Despite the anxiety, the forgetfulness, and failing eyesight, he still remembered both of our names. There would be days where it would seem like he was his former self and days when he was only a shadow of it, but he always called my mother "sweetheart," always was concerned about how I was doing in school, and told us that he loved us.

And we loved him too and carried that love wherever we went. I wrote my admissions essay for Princeton about Z and got in. When I ran into his bedroom, which was made up like a hospital room, he said, clear as day, "I'm not surprised." The school was right in New Jersey and the administration was empathetic to my family's extraordinary situation. I could go back home and visit whenever I wanted.

My mom worked around the clock for him. She barely went to church, let alone go out at all except for groceries and doctors' visits. She gained 100 pounds from the stress but did not take care of herself. Instead, she focused her energy on being by his side and sleeping on a cot just to be close to him.

Even though the doctors gave him only three weeks to live in 2010, Z lasted an astounding two more years and my mother was told that it was because of the love. We sang, danced, prayed, ate, watched American Idol, and laughed by his side. Even if Z didn't know what was going on, we still made him feel as if he was a human being who deserved attention just like anyone else.
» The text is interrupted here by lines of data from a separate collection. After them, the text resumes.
(* Let $\mathbf{S}$ be a distributive meet semilattice, $n\ge1$ an integer and $F$ an upset of $\mathbf{S}$. The following are equivalent: (i) $F$ is a prime $n$-filter; (ii) $F$ is a prime upset which is a union of at most $n$ filters; (iii) $F$ is a prime upset and there is a meet-semilattice homomorphism $h\colon\mathbf{S}\to\mathbf{2}^n$ with $F=h^{-1}[P_n]$, where $\mathbf{2}^n$ is the Boolean lattice with $n$ atoms and $P_n$ its set of non-zero elements.
   Context: A meet semilattice is distributive if whenever $x\wedge y\le z$ there are $x'\ge x$, $y'\ge y$ with $x'\wedge y'=z$. For a set $X$, $Y\subseteq_n X$ means $Y$ is a non-empty subset of $X$ with $|Y|\le n$. An $n$-filter on $\mathbf{S}$ is an upset $F$ such that for every non-empty finite $X\subseteq F$: if $\bigwedge Y\in F$ for every $Y\subseteq_n X$ then $\bigwedge X\in F$; a filter is a $1$-filter (possibly empty or total). An upset $F$ of $\mathbf{S}$ is prime if its complement $\mathbf{S}\setminus F$ is upward directed, i.e. any two elements outside $F$ have a common upper bound outside $F$ (the empty complement counts). A prime $n$-filter is an $n$-filter which is a prime upset (equivalently, a meet-prime element of the lattice of $n$-filters on $\mathbf{S}$). *)

theory Defs
  imports Main
begin

text \<open>A meet semilattice is modelled by the type class semilattice_inf (the whole
type is the carrier S). Finite meets are Inf_fin.\<close>

definition distributive_msl :: "('a::semilattice_inf) itself \<Rightarrow> bool" where
  "distributive_msl _ \<longleftrightarrow>
     (\<forall>x y z::'a. inf x y \<le> z \<longrightarrow> (\<exists>x' y'. x \<le> x' \<and> y \<le> y' \<and> inf x' y' = z))"

definition upset :: "('a::order) set \<Rightarrow> bool" where
  "upset F \<longleftrightarrow> (\<forall>x y. x \<in> F \<longrightarrow> x \<le> y \<longrightarrow> y \<in> F)"

definition n_filter :: "nat \<Rightarrow> ('a::semilattice_inf) set \<Rightarrow> bool" where
  "n_filter n F \<longleftrightarrow> upset F \<and>
     (\<forall>X. X \<noteq> {} \<and> finite X \<and> X \<subseteq> F \<longrightarrow>
        (\<forall>Y. Y \<noteq> {} \<and> Y \<subseteq> X \<and> card Y \<le> n \<longrightarrow> Inf_fin Y \<in> F) \<longrightarrow> Inf_fin X \<in> F)"
lemma Alster_row_refinement:
  fixes X :: "'a topology"
  assumes "Alster X" "topspace X \<noteq> {}"
    and Q: "\<And>W. \<forall>n. W n \<in> GK X \<Longrightarrow> \<exists>D. subfamilies W D \<and> Q D"
    and U: "\<forall>n. U n \<in> GK X"
  obtains D A where "subfamilies U D" "topspace X \<subseteq> (\<Union>i. A i)"
    "\<And>i m. A i \<subseteq> \<Inter>(row D i m)" "\<And>i. Q (row D i)"
proof -
  have "\<exists>E. subfamilies U E \<and> (\<forall>i. Q (row E i)) \<and> K \<subseteq> \<Inter>(\<Union>n. E n)" if "compactin X K" for K
    using GK_rowwise_above_compact[OF Q U that] by metis
  then obtain E where E: "\<And>K. compactin X K \<Longrightarrow>
      subfamilies U (E K) \<and> (\<forall>i. Q (row (E K) i)) \<and> K \<subseteq> \<Inter>(\<Union>n. E K n)"
    by metis
  define H where "H K = \<Inter>(\<Union>n. E K n)" for K
  have "gdelta_in X (H K) \<and> K \<subseteq> H K \<and> H K \<noteq> topspace X" if "compactin X K" for K
    using E[OF that] gdelta_Inter_subfamilies[OF U, of "E K"] unfolding H_def by simp
  then obtain K :: "nat \<Rightarrow> 'a set" where K: "\<And>i. compactin X (K i)" "topspace X \<subseteq> (\<Union>i. H (K i))"
    using Alster_cover_by_compact_hulls[OF assms(1,2)] by metis
  define D where "D = glue (\<lambda>i. row (E (K i)) i)"
  show thesis
  proof (rule that[of D "\<lambda>i. H (K i)"])
    show "subfamilies U D"
      unfolding D_def using E[OF K(1)] by (simp add: subfamilies_glue subfamilies_row)
    show "topspace X \<subseteq> (\<Union>i. H (K i))" by (rule K(2))
    show "H (K i) \<subseteq> \<Inter>(row D i m)" for i m
      unfolding D_def H_def row_glue by (auto simp: row_def)
    show "Q (row D i)" for i
      using E K(1) by (simp add: D_def)
  qed
qed

definition frequent_inside :: "'a topology \<Rightarrow> nat \<Rightarrow> (nat \<Rightarrow> 'a set set) \<Rightarrow> bool" where
  "frequent_inside X r D \<longleftrightarrow>
    (\<forall>F. finite F \<and> F \<subseteq> topspace X \<and> card F \<le> r \<longrightarrow> infinite {m. F \<subseteq> \<Inter>(D m)})"

lemma frequent_inside_0: "frequent_inside X 0 D"
  unfolding frequent_inside_def
proof (intro allI impI)
  fix F :: "'a set" assume "finite F \<and> F \<subseteq> topspace X \<and> card F \<le> 0"
  then have "F = {}" by (auto simp: card_eq_0_iff)
  then show "infinite {m. F \<subseteq> \<Inter>(D m)}" by simp
qed

lemma frequent_inside_row:
  assumes "frequent_inside X r (row D i)" shows "frequent_inside X r D"
  unfolding frequent_inside_def
proof (intro allI impI)
  fix F assume "finite F \<and> F \<subseteq> topspace X \<and> card F \<le> r"
  with assms have "infinite {m. F \<subseteq> \<Inter>(D (prod_encode (i, m)))}"
    unfolding frequent_inside_def row_def by blast
  then show "infinite {m. F \<subseteq> \<Inter>(D m)}" by (rule infinite_row_indices)
qed

lemma frequent_inside_Suc:
  assumes "topspace X \<subseteq> (\<Union>i. A i)" "\<And>i m. A i \<subseteq> \<Inter>(row D i m)"
    and "\<And>i. frequent_inside X r (row D i)"
  shows "frequent_inside X (Suc r) D"
  unfolding frequent_inside_def
proof (intro allI impI)
  fix F assume F: "finite F \<and> F \<subseteq> topspace X \<and> card F \<le> Suc r"
  show "infinite {m. F \<subseteq> \<Inter>(D m)}"
  proof (cases "F = {}")
    case True
    then show ?thesis by simp
  next
    case False
    then obtain x where x: "x \<in> F" by blast
    with F assms(1) obtain i where "x \<in> A i" by blast
    from F x have "card (F - {x}) \<le> r" by (auto simp: card_Diff_singleton)
    have "{m. F - {x} \<subseteq> \<Inter>(row D i m)} \<subseteq> {m. F \<subseteq> \<Inter>(D (prod_encode (i, m)))}"
      using \<open>x \<in> A i\<close> assms(2)[of i] x unfolding row_def by blast
    moreover have "infinite {m. F - {x} \<subseteq> \<Inter>(row D i m)}"
      using F assms(3)[of i] \<open>card (F - {x}) \<le> r\<close> unfolding frequent_inside_def by blast
    ultimately have "infinite {m. F \<subseteq> \<Inter>(D (prod_encode (i, m)))}" by (rule infinite_super)
    then show ?thesis by (rule infinite_row_indices)
  qed
qed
Throughout the entire marriage, Z said that if anything happens to him, go to the Veteran's Affairs and my mother never asked why. He always reminded her at odd times so she didn't think much of it. When Z was on hospice, the reminder became more persistent and that's when my mom began to work on his case.

Suddenly, one day in 2012, Z looked up at the ceiling, raised his arms, and smiled. He hadn't raised his arms in two years. My mother and her father, who is a Bishop, thought that his time was coming. "The angels are coming to get 'em," My grandfather said with a smile.
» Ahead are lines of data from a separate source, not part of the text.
(* Let $R$ be a ring such that $\mathrm{char}(R)$ is finite and $J(R)$ is nil of bounded index. If the group $U(R/J(R))$ has finite exponent, then so does $U(R)$. If additionally $R/J(R)$ is clean, then $R$ is $n$-torsion clean for some $n\in\mathbb{N}$.
   Context: All rings are associative with identity; $\mathrm{char}(R):=|1\cdot\mathbb{Z}|$, $J(R)$ is the Jacobson radical, $U(\cdot)$ the unit group. An ideal $I$ is nil of bounded index if there is $k$ with $r^k=0$ for all $r\in I$. A ring is clean if every element is a sum of an idempotent and a unit. A ring $R$ is $n$-torsion clean if every $r\in R$ can be written $r=e+u$ with $e^2=e$, $u$ a unit, $u^n=1$, and $n$ is the smallest natural number with this property. *)

theory Defs
  imports "HOL-Algebra.Algebra"
begin

definition left_ideal :: "('a, 'b) ring_scheme \<Rightarrow> 'a set \<Rightarrow> bool" where
  "left_ideal R I \<longleftrightarrow> additive_subgroup I R \<and>
     (\<forall>r \<in> carrier R. \<forall>x \<in> I. r \<otimes>\<^bsub>R\<^esub> x \<in> I)"

definition maximal_left_ideal :: "('a, 'b) ring_scheme \<Rightarrow> 'a set \<Rightarrow> bool" where
  "maximal_left_ideal R I \<longleftrightarrow> left_ideal R I \<and> I \<noteq> carrier R \<and>
     (\<forall>K. left_ideal R K \<and> I \<subseteq> K \<and> K \<noteq> carrier R \<longrightarrow> K = I)"

definition jacobson :: "('a, 'b) ring_scheme \<Rightarrow> 'a set" where
  "jacobson R = carrier R \<inter> \<Inter> {I. maximal_left_ideal R I}"

text \<open>char(R) = |1 Z| is finite.\<close>
definition finite_char :: "('a, 'b) ring_scheme \<Rightarrow> bool" where
  "finite_char R \<longleftrightarrow> finite {add_pow R (k::int) \<one>\<^bsub>R\<^esub> | k. True}"

definition nil_bounded_index :: "('a, 'b) ring_scheme \<Rightarrow> 'a set \<Rightarrow> bool" where
  "nil_bounded_index R I \<longleftrightarrow> (\<exists>k::nat. \<forall>r \<in> I. r [^]\<^bsub>R\<^esub> k = \<zero>\<^bsub>R\<^esub>)"

definition units_finite_exponent :: "('a, 'b) ring_scheme \<Rightarrow> bool" where
  "units_finite_exponent R \<longleftrightarrow>
     (\<exists>n::nat. n > 0 \<and> (\<forall>u \<in> Units R. u [^]\<^bsub>R\<^esub> n = \<one>\<^bsub>R\<^esub>))"

definition clean :: "('a, 'b) ring_scheme \<Rightarrow> bool" where
  "clean R \<longleftrightarrow> (\<forall>r \<in> carrier R. \<exists>e u. e \<in> carrier R \<and> e \<otimes>\<^bsub>R\<^esub> e = e \<and>
      u \<in> Units R \<and> r = e \<oplus>\<^bsub>R\<^esub> u)"

definition torsion_clean_prop :: "('a, 'b) ring_scheme \<Rightarrow> nat \<Rightarrow> bool" where
  "torsion_clean_prop R n \<longleftrightarrow> n > 0 \<and>
     (\<forall>r \<in> carrier R. \<exists>e u. e \<in> carrier R \<and> e \<otimes>\<^bsub>R\<^esub> e = e \<and>
        u \<in> Units R \<and> u [^]\<^bsub>R\<^esub> n = \<one>\<^bsub>R\<^esub> \<and> r = e \<oplus>\<^bsub>R\<^esub> u)"

definition torsion_clean :: "('a, 'b) ring_scheme \<Rightarrow> nat \<Rightarrow> bool" where
  "torsion_clean R n \<longleftrightarrow> torsion_clean_prop R n \<and> (\<forall>m < n. \<not> torsion_clean_prop R m)"

end

theory Submission
  imports Defs
begin

(* If c \<cdot> 1 = 0 and j^k = 0, then (1 + j)^(c^k) = 1: raising 1 + x to the c-th power kills
   the linear term of the binomial expansion, so each such step raises the order of the error
   term in j.  Hence 1 + J consists of units of order dividing c^k, and a unit u of R with
   u^e \<in> 1 + J satisfies u^(e c^k) = 1.  For the clean decomposition, idempotents lift along
   the nil ideal J by the Newton iteration b \<mapsto> b + (b^2 - b)(1 - 2b), and an element that is
   a unit modulo J is a unit, because 1 + J consists of units.  Computations with a single
   element take place in its double centralizer, which is a commutative subring. *)

lemma (in cring) one_plus_pow_expand:
  assumes x: "x \<in> carrier R"
  shows "\<exists>s\<in>carrier R. (\<one> \<oplus> x) [^] (m::nat) = \<one> \<oplus> add_pow R m x \<oplus> x \<otimes> x \<otimes> s"
proof (induction m)
  case 0
  show ?case using x by (intro bexI[of _ \<zero>]) auto
next
  case (Suc m)
  then obtain s where s: "s \<in> carrier R" "(\<one> \<oplus> x) [^] m = \<one> \<oplus> add_pow R m x \<oplus> x \<otimes> x \<otimes> s"
    by blast
  define y where "y = add_pow R m x"
  have y: "y \<in> carrier R" "add_pow R m \<one> \<in> carrier R" using x by (auto simp: y_def)
  have yx: "y \<otimes> x = x \<otimes> x \<otimes> add_pow R m \<one>"
    using x unfolding y_def by (simp add: add_pow_ldistr add_pow_rdistr)
  have "(\<one> \<oplus> x) [^] Suc m = (\<one> \<oplus> y \<oplus> x \<otimes> x \<otimes> s) \<otimes> (\<one> \<oplus> x)"
    using s y_def by simp
  also have "\<dots> = \<one> \<oplus> (y \<oplus> x) \<oplus> x \<otimes> x \<otimes> (s \<oplus> x \<otimes> s) \<oplus> y \<otimes> x"
    using x y s by algebra
  also have "\<dots> = \<one> \<oplus> (y \<oplus> x) \<oplus> x \<otimes> x \<otimes> (s \<oplus> x \<otimes> s \<oplus> add_pow R m \<one>)"
    unfolding yx using x y s by algebra
  also have "y \<oplus> x = add_pow R (Suc m) x"
    unfolding y_def using x by (simp add: add.nat_pow_Suc)
  finally show ?case using x y s by (intro bexI[of _ "s \<oplus> x \<otimes> s \<oplus> add_pow R m \<one>"]) auto
qed

lemma (in cring) one_plus_pow_char:
  assumes x: "x \<in> carrier R" and c: "add_pow R (c::nat) \<one> = \<zero>"
  shows "\<exists>s\<in>carrier R. (\<one> \<oplus> x) [^] c = \<one> \<oplus> x \<otimes> x \<otimes> s"
proof -
  have "add_pow R c x = \<zero>"
    using add_pow_ldistr[of \<one> x c] x c by simp
  then show ?thesis using one_plus_pow_expand[OF x, of c] x by auto
qed

lemma (in cring) one_plus_pow_char_power:
  assumes x: "x \<in> carrier R" and c: "add_pow R (c::nat) \<one> = \<zero>"
  shows "\<exists>w\<in>carrier R. (\<one> \<oplus> x) [^] (c ^ m) = \<one> \<oplus> x [^] Suc m \<otimes> w"
proof (induction m)
  case 0
  show ?case using x by (intro bexI[of _ \<one>]) auto
next
  case (Suc m)
  then obtain w where w: "w \<in> carrier R" "(\<one> \<oplus> x) [^] (c ^ m) = \<one> \<oplus> x [^] Suc m \<otimes> w"
    by blast
  have p: "x [^] m \<in> carrier R" using x by simp
  obtain s where s: "s \<in> carrier R"
    "(\<one> \<oplus> x [^] Suc m \<otimes> w) [^] c = \<one> \<oplus> (x [^] Suc m \<otimes> w) \<otimes> (x [^] Suc m \<otimes> w) \<otimes> s"
    using one_plus_pow_char[OF _ c, of "x [^] Suc m \<otimes> w"] x w by auto
  have "(\<one> \<oplus> x) [^] (c ^ Suc m) = ((\<one> \<oplus> x) [^] (c ^ m)) [^] c"
    using x by (simp add: nat_pow_pow mult.commute)
  also have "\<dots> = \<one> \<oplus> (x [^] Suc m \<otimes> w) \<otimes> (x [^] Suc m \<otimes> w) \<otimes> s"
    using w s by simp
  also have "\<dots> = \<one> \<oplus> x [^] Suc (Suc m) \<otimes> (x [^] m \<otimes> w \<otimes> w \<otimes> s)"
    unfolding nat_pow_Suc using p x w s by algebra
  finally show ?case using p w s by auto
qed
When Z was in the hospital during his final days, he smiled at my mother and me even while he was semi-unconscious.

On April 20th, 2012 at 6:00 a.m., after my mom took a shower in Z's hospital room, my mother whispered in Z's ear that everything was taken care of. Fifty minutes later, he passed away. It was just my mother and Z, together until the end.

After he died, my mother donated his brain to Harvard University's Center for Brain Science. Weeks later, the result was that Z died from Alzheimer's and other military-related illnesses, not Frontal Temporal Lobe Dementia.

For a while, my mother and I suffered from grief. She would spend days in bed with the curtains closed. I suffered from insomnia and a mild form of OCD. But we recovered. My mother lost 87 pounds and went back to work. I graduated from school without any loans, which would not have been possible if it weren't Z.

To this day, we don't know why it happened to him. We don't know why this illness happens to anyone that we love. But sometimes, the quality of time is more important than its quantity. We spent precious time with a special man whose presence still reverberates throughout our entire lives every day. Despite all the sleepless nights, harsh admonishments from doctors, and tearful prayers, we knew that love prevails and persists. That emotion is not contingent upon someone's actual presence.

For Better, For Worse

For Richer, For Poorer

In Sickness and In Health...

Love inspired my parents to say those vows. Love tested them when sickness threatened to take them apart. And it was love that kept us strong even as we go on with our own lives...and so will it do for you.